Mike Gordon, University of British Columbia

Salt is one of those things that take too little and you’re dead, but too much will kill you. So animals have evolved very complex mechanisms to taste salt and control how much they eat, and that includes fruit flies. And what Mike Gordon has found is that flies have multiple salt-detecting nerve cells; some of these respond chiefly to low concentrations of salt in the diet and seem to encourage intake. The others respond to high concentrations and normally deter a fly from eating a foodstuff that might contain a toxic salt burden.
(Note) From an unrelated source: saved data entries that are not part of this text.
lemma H1_elim:
  assumes "\<omega> \<in> H1 lam"
  obtains f where "\<And>q. (f has_derivative \<omega> q) (at q)" "\<And>v. continuous_on UNIV (\<lambda>q. \<omega> q v)"
    "\<And>q. fueter (\<omega> q) = 0" "\<And>h q. h \<in> {1..4} \<Longrightarrow> \<omega> (q + lam h) = \<omega> q"
proof -
  obtain f where f: "left_regular f" "\<And>q. (f has_derivative \<omega> q) (at q)"
    and per: "\<And>l q. l \<in> lattice lam \<Longrightarrow> \<omega> (q + l) = \<omega> q"
    using assms unfolding H1_def by blast
  show ?thesis
    using that[OF f(2) left_regular_derivative[OF f]] per[OF lattice_generator] by blast
qed

lemma form_integral_gam:
  assumes der: "\<And>q. (f has_derivative \<omega> q) (at q)"
  shows "form_integral \<omega> (gam lam h) = f ((1/2) *\<^sub>R lam h) - f (- (1/2) *\<^sub>R lam h)"
proof -
  have gam: "(gam lam h has_vector_derivative lam h) (at s within {0..1})" for s
    unfolding gam_def has_vector_derivative_def by (auto intro!: derivative_eq_intros)
  have "((\<lambda>s. f (gam lam h s)) has_vector_derivative \<omega> (gam lam h s) (lam h)) (at s within {0..1})" for s
  proof -
    have "((\<lambda>s. f (gam lam h s)) has_derivative (\<lambda>t. \<omega> (gam lam h s) (t *\<^sub>R lam h))) (at s)"
      unfolding gam_def by (rule has_derivative_compose[OF _ der]) (auto intro!: derivative_eq_intros)
    then show ?thesis unfolding has_vector_derivative_def
      by (simp add: linear_cmul[OF has_derivative_linear[OF der]] has_derivative_at_withinI)
  qed
  then have "((\<lambda>s. \<omega> (gam lam h s) (lam h)) has_integral (f (gam lam h 1) - f (gam lam h 0))) {0..1}"
    by (intro fundamental_theorem_of_calculus) auto
  then have "integral {0..1} (\<lambda>s. \<omega> (gam lam h s) (lam h)) = f (gam lam h 1) - f (gam lam h 0)"
    by (rule integral_unique)
  moreover have "vector_derivative (gam lam h) (at s within {0..1}) = lam h" if "s \<in> {0..1}" for s
    using vector_derivative_within_cbox[of 0 1 s "gam lam h" "lam h"] gam that by (simp add: cbox_interval)
  then have "form_integral \<omega> (gam lam h) = integral {0..1} (\<lambda>s. \<omega> (gam lam h s) (lam h))"
    unfolding form_integral_def by (intro integral_cong) simp
  ultimately show ?thesis by (simp add: gam_def)
qed

lemma period_map_eq_imp_form_integral_eq:
  assumes "period_map lam \<omega>1 = period_map lam \<omega>2" and "h \<in> {1..4}"
  shows "form_integral \<omega>1 (gam lam h) = form_integral \<omega>2 (gam lam h)"
proof -
  have nth: "period_map lam \<omega>1 $ i = period_map lam \<omega>2 $ i" for i using assms(1) by simp
  have "h = 1 \<or> h = 2 \<or> h = 3 \<or> h = 4" using assms(2) by auto
  then show ?thesis using nth[of 1] nth[of 2] nth[of 3] nth[of 4] by (auto simp: period_map_def)
qed

lemma equal_periods_imp_periodic_difference:
  assumes der1: "\<And>q. (f1 has_derivative \<omega>1 q) (at q)" and der2: "\<And>q. (f2 has_derivative \<omega>2 q) (at q)"
    and per1: "\<And>q. \<omega>1 (q + lam h) = \<omega>1 q" and per2: "\<And>q. \<omega>2 (q + lam h) = \<omega>2 q"
    and periods: "period_map lam \<omega>1 = period_map lam \<omega>2" and h: "h \<in> {1..4}"
  shows "f1 (q + lam h) - f2 (q + lam h) = f1 q - f2 q"
proof (rule translation_invariant_if_derivative_invariant[where g = "\<lambda>q. f1 q - f2 q"])
  show "((\<lambda>q. f1 q - f2 q) has_derivative (\<lambda>v. \<omega>1 q v - \<omega>2 q v)) (at q)" for q
    by (rule has_derivative_diff[OF der1 der2])
  show "(\<lambda>v. \<omega>1 (q + lam h) v - \<omega>2 (q + lam h) v) = (\<lambda>v. \<omega>1 q v - \<omega>2 q v)" for q
    by (simp add: per1 per2)
  show "f1 ((1/2) *\<^sub>R lam h) - f2 ((1/2) *\<^sub>R lam h) = f1 (- (1/2) *\<^sub>R lam h) - f2 (- (1/2) *\<^sub>R lam h)"
    using period_map_eq_imp_form_integral_eq[OF periods h]
    by (simp add: form_integral_gam[OF der1] form_integral_gam[OF der2] algebra_simps)
qed

theorem mainTheorem13:
  fixes lam :: "nat \<Rightarrow> real^4"
  assumes "inj_on lam {1..4}" and "independent (lam ` {1..4})"
  shows "inj_on (period_map lam) (H1 lam)"
proof (rule inj_onI)
  fix \<omega>1 \<omega>2 assume "\<omega>1 \<in> H1 lam" "\<omega>2 \<in> H1 lam"
    and periods: "period_map lam \<omega>1 = period_map lam \<omega>2"
  obtain f1 where f1: "\<And>q. (f1 has_derivative \<omega>1 q) (at q)" "\<And>v. continuous_on UNIV (\<lambda>q. \<omega>1 q v)"
    "\<And>q. fueter (\<omega>1 q) = 0" "\<And>h q. h \<in> {1..4} \<Longrightarrow> \<omega>1 (q + lam h) = \<omega>1 q"
    using H1_elim[OF \<open>\<omega>1 \<in> H1 lam\<close>] by blast
  obtain f2 where f2: "\<And>q. (f2 has_derivative \<omega>2 q) (at q)" "\<And>v. continuous_on UNIV (\<lambda>q. \<omega>2 q v)"
    "\<And>q. fueter (\<omega>2 q) = 0" "\<And>h q. h \<in> {1..4} \<Longrightarrow> \<omega>2 (q + lam h) = \<omega>2 q"
    using H1_elim[OF \<open>\<omega>2 \<in> H1 lam\<close>] by blast
  have "\<omega>1 q v - \<omega>2 q v = 0" for q v
  proof (rule lattice_periodic_fueter_derivative_eq_0[where g = "\<lambda>q. f1 q - f2 q"
        and \<omega> = "\<lambda>q v. \<omega>1 q v - \<omega>2 q v" and I = "{1..4}"])
    show "((\<lambda>q. f1 q - f2 q) has_derivative (\<lambda>v. \<omega>1 q v - \<omega>2 q v)) (at q)" for q
      by (rule has_derivative_diff[OF f1(1) f2(1)])
    show "continuous_on UNIV (\<lambda>q. \<omega>1 q v - \<omega>2 q v)" for v
      using f1(2) f2(2) by (rule continuous_on_diff)
    show "fueter (\<lambda>v. \<omega>1 q v - \<omega>2 q v) = 0" for q
      by (simp add: fueter_diff f1(3) f2(3))
    show "f1 (q + lam h) - f2 (q + lam h) = f1 q - f2 q" if "h \<in> {1..4}" for h q
      using equal_periods_imp_periodic_difference[OF f1(1) f2(1) f1(4)[OF that] f2(4)[OF that] periods that] .
  qed (use assms in auto)
  then show "\<omega>1 = \<omega>2" by (simp add: fun_eq_iff)
qed

end
(* If $d_1-p_1\ge d_2-p_2\ge\cdots\ge d_n-p_n$, then first-fit (equivalently next-fit) satisfies $FF(I)<2\,OPT(I)$ for every such instance $I$ with $OPT(I)\ge 2$ (and $FF(I)=1$ when $OPT(I)=1$); in particular first-fit is a 2-approximation on this class. The bound is tight: for every integer $k\ge1$ there is an instance of this class with $OPT(I)=k+1$ and $FF(I)=2k+1$, namely the instance with $3k+1$ jobs $a_1,\dots,a_k$ with $(p,d)=(k,2k)$, $b_1,\dots,b_k$ with $(p,d)=(1,k+1)$, and $c_1,\dots,c_{k+1}$ with $(p,d)=(k+1,2k+1)$, in the fixed order $a_1,b_1,a_2,b_2,\dots,a_k,b_k,c_1,c_2,\dots,c_{k+1}$ (all jobs have slack $k$), so that $\sup_I FF(I)/OPT(I)=2$ on this class.
   Context: Fixed order scheduling with deadlines: there are jobs $J=\{1,\dots,n\}$, each job $j$ having a processing time $p_j\in\mathbb{N}$, $p_j>0$, and a deadline $d_j\in\mathbb{N}$ with $d_j\ge p_j$; the slack of job $j$ is $d_j-p_j$. All jobs are released at time $0$; job $j$ precedes job $k$ in the fixed order iff $j<k$. A schedule $\tau:J\to\{1,\dots,n\}$ assigns jobs to identical machines; each machine processes its jobs in the fixed order from time $0$ without idle time or preemption, so job $j$ completes at $\sum_{k\le j,\tau(k)=\tau(j)}p_k$; it is feasible if every job completes by its deadline. $OPT(I)$ is the minimum number of machines used by a feasible schedule. First-fit (FF): machines indexed $1,2,\dots$; process jobs in the fixed order and assign each job $j$ to the smallest-index machine whose current load (sum of processing times already assigned) plus $p_j$ is at most $d_j$; $FF(I)$ is the number of nonempty machines. Next-fit (NF): assign job $j$ to the most recently opened machine if it fits there, otherwise to a new machine. *)

theory Defs
  imports Complex_Main
begin
(* In the infinite-sites model described in the context, for every generation $\tau\ge 0$ the expected phenotypic mean and expected phenotypic variance satisfy \[ \bar G(\tau)=\Theta\int_0^\infty \alpha f(\alpha)\int_0^\tau\bigl(1-P_{\mathrm{lost}}([t],e^{s\alpha})\bigr)\,\gamma_1\bigl(a(t,e^{s\alpha},N)\bigr)\,dt\,d\alpha \] and \[ V_G(\tau)=\Theta\int_0^\infty \alpha^2 f(\alpha)\int_0^\tau\bigl(1-P_{\mathrm{lost}}([t],e^{s\alpha})\bigr)\,\gamma\bigl(a(t,e^{s\alpha},N)\bigr)\,dt\,d\alpha . \] In particular, $\Theta$ enters both quantities only as a multiplicative factor.
   Context: A haploid population of size $N$ starts monomorphic at generation $\tau=0$. For $\tau>0$, mutations occur at new sites (infinite sites) according to a Poisson process with rate $\Theta>0$ per generation, so the number of mutations in $(0,\tau]$ is Poisson with mean $\Theta\tau$; write $\mathrm{Poi}_{\Theta\tau}(n)=e^{-\Theta\tau}(\Theta\tau)^n/n!$. Each mutation has trait effect $\alpha>0$ drawn independently from a probability density $f$ on $(0,\infty)$ with finite moments, and fitness $\sigma=e^{s\alpha}$ with $s>0$. Sites are in linkage equilibrium (frequencies at different sites independent). For $\sigma>1$, consider a Galton–Watson process started from one individual with offspring mean $\sigma$; $P_{\mathrm{lost}}(n,\sigma)$ is the probability it is extinct by generation $n$ ($P_{\mathrm{lost}}(0,\sigma)=0$). $[t]$ is the integer part of $t$. $E_1(a)=\int_a^\infty x^{-1}e^{-x}dx$. For $a>0$, $g_a(x)=a(1-x)^{-2}\exp(-ax/(1-x))$ on $[0,1)$, with $\gamma_1(a)=\int_0^1 x g_a(x)dx=1-ae^aE_1(a)$ and $\gamma(a)=\int_0^1x(1-x)g_a(x)dx=a(1+a)e^aE_1(a)-a$. Set $a(t,\sigma,N)=N(1-P_{\mathrm{lost}}([t],\sigma))\sigma^{-t}$. Given $n$ mutations in $(0,\tau]$ (arrival times distributed as a Poisson process conditioned on $n$ events), the $i$-th mutation, with effect $\alpha_i$ and arrival time $\tau_i$, has frequency $\tilde X^{(i)}_{\tau,e^{s\alpha_i},\Theta}$ in generation $\tau$, a random variable equal to $0$ with probability $P_{\mathrm{lost}}([\tau-\tau_i],e^{s\alpha_i})$ and otherwise having density $g_{a(\tau-\tau_i,e^{s\alpha_i},N)}$. The expected phenotypic mean and variance are defined by $\bar G(\tau)=\sum_{n\ge1}\mathrm{Poi}_{\Theta\tau}(n)\sum_{i=1}^n\int_0^\infty\alpha_i\,\mathbb E[\tilde X^{(i)}_{\tau,e^{s\alpha_i},\Theta}]f(\alpha_i)d\alpha_i$ and $V_G(\tau)=\sum_{n\ge1}\mathrm{Poi}_{\Theta\tau}(n)\sum_{i=1}^n\int_0^\infty\alpha_i^2\,\mathbb E[\tilde X^{(i)}_{\tau,e^{s\alpha_i},\Theta}(1-\tilde X^{(i)}_{\tau,e^{s\alpha_i},\Theta})]f(\alpha_i)d\alpha_i$. *)

theory Defs
  imports "HOL-Probability.Probability"
begin

definition Poi :: "real \<Rightarrow> nat \<Rightarrow> real" where
  "Poi m n = exp (- m) * m ^ n / fact n"

text \<open>Galton--Watson process with offspring law  off sigma  (a pmf on nat with mean sigma),
  started from one individual: probability of extinction by generation n, by first-step
  analysis:  P(0) = 0,  P(n+1) = sum_k p_k P(n)^k.\<close>
fun P_lost :: "(real \<Rightarrow> nat pmf) \<Rightarrow> nat \<Rightarrow> real \<Rightarrow> real" where
  "P_lost off 0 \<sigma> = 0"
| "P_lost off (Suc n) \<sigma> = (\<Sum>k. pmf (off \<sigma>) k * (P_lost off n \<sigma>) ^ k)"

definition E1 :: "real \<Rightarrow> real" where
  "E1 a = (LINT x:{a<..}|lborel. exp (- x) / x)"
But, as Mike explains to Chris Smith, the intriguing thing is that, if the animal is deficient in salt, it can temporarily override and ignore the aversive “toxic” signal…

Mike - Well we really set out to try to understand how the taste system of the fly interprets salt in their environment, because salt is a particularly interesting taste modality because it's attractive at low concentrations but it's actually aversive at high concentrations. And so, unlike most tastes, which elicit either attraction or avoidance, salt actually does both. And so we figured that the way that the taste system must interpret salt had to be more complicated than other tastes.

Chris - Is it complicated like that because you need a bit of salt, but too much is a bad thing?

Mike - Right. Exactly. There were models in the taste field that suggested that there are essentially two different responses that get layered on top of each other. So there's an attractive response that kicks in at low concentrations and then, as you get to higher concentrations, you'll get an aversive response that sort of overrides that. But what we found is that it's actually even more complicated than that, and there's actually two populations of cells that are attractive, and respond at low concentrations, and two distinct populations of cells that are aversive and respond at high concentrations.

Chris - And this sensation or this detection this is happening in the equivalent of a taste bud?

Mike - So flies are a little bit different than us; their taste system actually uses neurons to detect tastes. And so these neurons, that express the receptors that actually bind to the taste ligands, are in various body parts of the fly. They're present on the mouth of the fly. They're actually also present on the legs of the fly, which makes some sense because flies spend a fair amount of their time actually walking on their food! And so it's a good way of kind of deciding what the food tastes like before you actually start eating it!

Chris - The mind boggles of what would happen if we could do that! But how did you actually do the experiments, because if you want to unpick what's going on how did you actually put a label on what the different nerve cells are that normally detect things, and how they are individually then responding to salt, or not?

Mike - So what we started with was trying to make a fairly comprehensive map of the taste system using different markers. These are just genetic markers based on the expression of specific receptors. So, for example, a receptor that responds to sweet compounds, if we use the gene that encodes that receptor then we can label the neurons that respond to sweet. And so we did this, and compared them all against each other to try to make a map where we had different, discrete populations that we could then look at the activity out of.

Chris - I get it. So you've got a molecular label if you like - a chemical tag - that says "I am this sort of nerve cell with this sort of receptor on me," and you can then test how that particular class of receptor responds to salt and at what concentration?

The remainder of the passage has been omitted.